- What the task asks:
Filter the data below, keeping only lines that contain "gverts".

- Data provided:
(* Let $B$ be an $n\times n$ matrix of non-negative integers whose last $n-m$ rows are zero. Suppose that $J_{nm}+B$ is irreducible and that its top-left $m\times m$ corner is irreducible. Suppose $B'$ is formed from $B$ in one of two ways: - by adding some column of $B$ to a different column; or - by adding some non-zero row of $B$ to a different non-zero row. Then $J_{nm}+B\sim_M J_{nm}+B'$.
   Context: $J_{nm}$ ($0\le m\le n$) is the $n\times n$ matrix whose $i$-th row, for $i\le m$, has a $1$ in position $i$ and $0$ elsewhere, and whose last $n-m$ rows consist entirely of $\infty$. Arithmetic convention: $\infty+a=\infty$. For an $X\times X$ matrix $A$ with entries in $\{0,1,2,\dots\}\cup\{\infty\}$, $G_A$ is the graph with vertex set $X$ and exactly $A(x,y)$ edges from $x$ to $y$. A matrix $A$ is irreducible if $G_A$ is strongly connected. For matrices, $A\sim_M B$ means $G_A\sim_M G_B$. A graph may have multiple edges and loops. A source receives no edges, a sink emits no edges, and an infinite emitter emits infinitely many edges. A vertex is singular if it is a sink or infinite emitter, and regular otherwise. Move-equivalence $\sim_M$ is the smallest equivalence relation on graphs with finitely many vertices such that $G\sim_M E$ whenever $E$ is isomorphic to a graph obtained from $G$ by one of the following moves. (S) Delete a regular source together with the edges it emits. (R) For a regular vertex $u$ emitting exactly one edge $f$, with $r(f)\neq u$, and all of whose incoming edges have the same source $v$: delete $u$, $f$ and the edges into $u$, and add for each $e\in r^{-1}(u)$ an edge $[ef]$ from $v$ to $r(f)$. (O) Out-splitting at a non-sink $v$ along a partition $\mathcal E_1,\dots,\mathcal E_n$ of $s^{-1}(v)$ with at most one infinite part. Replace $v$ by $v^1,\dots,v^n$. Each edge $e$ into $v$ becomes copies $e^1,\dots,e^n$ with $r(e^i)=v^i$ and source $s(e)$, or source $v^j$ if $s(e)=v$ and $e\in\mathcal E_j$. An edge from $v$ to $w\neq v$ lying in $\mathcal E_i$ gets source $v^i$. (I) In-splitting at a regular non-source $v$ along a partition $\mathcal E_1,\dots,\mathcal E_n$ of $r^{-1}(v)$. Replace $v$ by $v^1,\dots,v^n$. Each edge $e$ out of $v$ becomes copies $e^1,\dots,e^n$ with $s(e^i)=v^i$ and range $r(e)$, or range $v^j$ if $r(e)=v$ and $e\in\mathcal E_j$. An edge into $v$ from $w\neq v$ lying in $\mathcal E_i$ gets range $v^i$. *)

theory Defs
  imports Main "HOL-Library.Extended_Nat" "HOL-Library.Nat_Bijection"
begin

datatype ('v,'e) dgraph =
  DGraph (gverts: "'v set") (gedges: "'e set") (gsrc: "'e \<Rightarrow> 'v") (grng: "'e \<Rightarrow> 'v")

definition wf_graph :: "('v,'e) dgraph \<Rightarrow> bool" where
  "wf_graph G \<longleftrightarrow> finite (gverts G) \<and>
     (\<forall>e\<in>gedges G. gsrc G e \<in> gverts G \<and> grng G e \<in> gverts G)"

definition graph_iso :: "('v,'e) dgraph \<Rightarrow> ('w,'f) dgraph \<Rightarrow> bool" where
  "graph_iso G H \<longleftrightarrow> (\<exists>\<phi> \<psi>. bij_betw \<phi> (gverts G) (gverts H) \<and> bij_betw \<psi> (gedges G) (gedges H) \<and>
     (\<forall>e\<in>gedges G. gsrc H (\<psi> e) = \<phi> (gsrc G e) \<and> grng H (\<psi> e) = \<phi> (grng G e)))"

definition emitted :: "('v,'e) dgraph \<Rightarrow> 'v \<Rightarrow> 'e set" where
  "emitted G v = {e \<in> gedges G. gsrc G e = v}"

definition received :: "('v,'e) dgraph \<Rightarrow> 'v \<Rightarrow> 'e set" where
  "received G v = {e \<in> gedges G. grng G e = v}"

definition is_source :: "('v,'e) dgraph \<Rightarrow> 'v \<Rightarrow> bool" where
  "is_source G v \<longleftrightarrow> received G v = {}"

definition is_sink :: "('v,'e) dgraph \<Rightarrow> 'v \<Rightarrow> bool" where
  "is_sink G v \<longleftrightarrow> emitted G v = {}"

definition is_inf_emitter :: "('v,'e) dgraph \<Rightarrow> 'v \<Rightarrow> bool" where
  "is_inf_emitter G v \<longleftrightarrow> infinite (emitted G v)"

definition is_regular :: "('v,'e) dgraph \<Rightarrow> 'v \<Rightarrow> bool" where
  "is_regular G v \<longleftrightarrow> \<not> is_sink G v \<and> \<not> is_inf_emitter G v"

- Solution to this problem:
  DGraph (gverts: "'v set") (gedges: "'e set") (gsrc: "'e \<Rightarrow> 'v") (grng: "'e \<Rightarrow> 'v")
  "wf_graph G \<longleftrightarrow> finite (gverts G) \<and>
     (\<forall>e\<in>gedges G. gsrc G e \<in> gverts G \<and> grng G e \<in> gverts G)"
  "graph_iso G H \<longleftrightarrow> (\<exists>\<phi> \<psi>. bij_betw \<phi> (gverts G) (gverts H) \<and> bij_betw \<psi> (gedges G) (gedges H) \<and>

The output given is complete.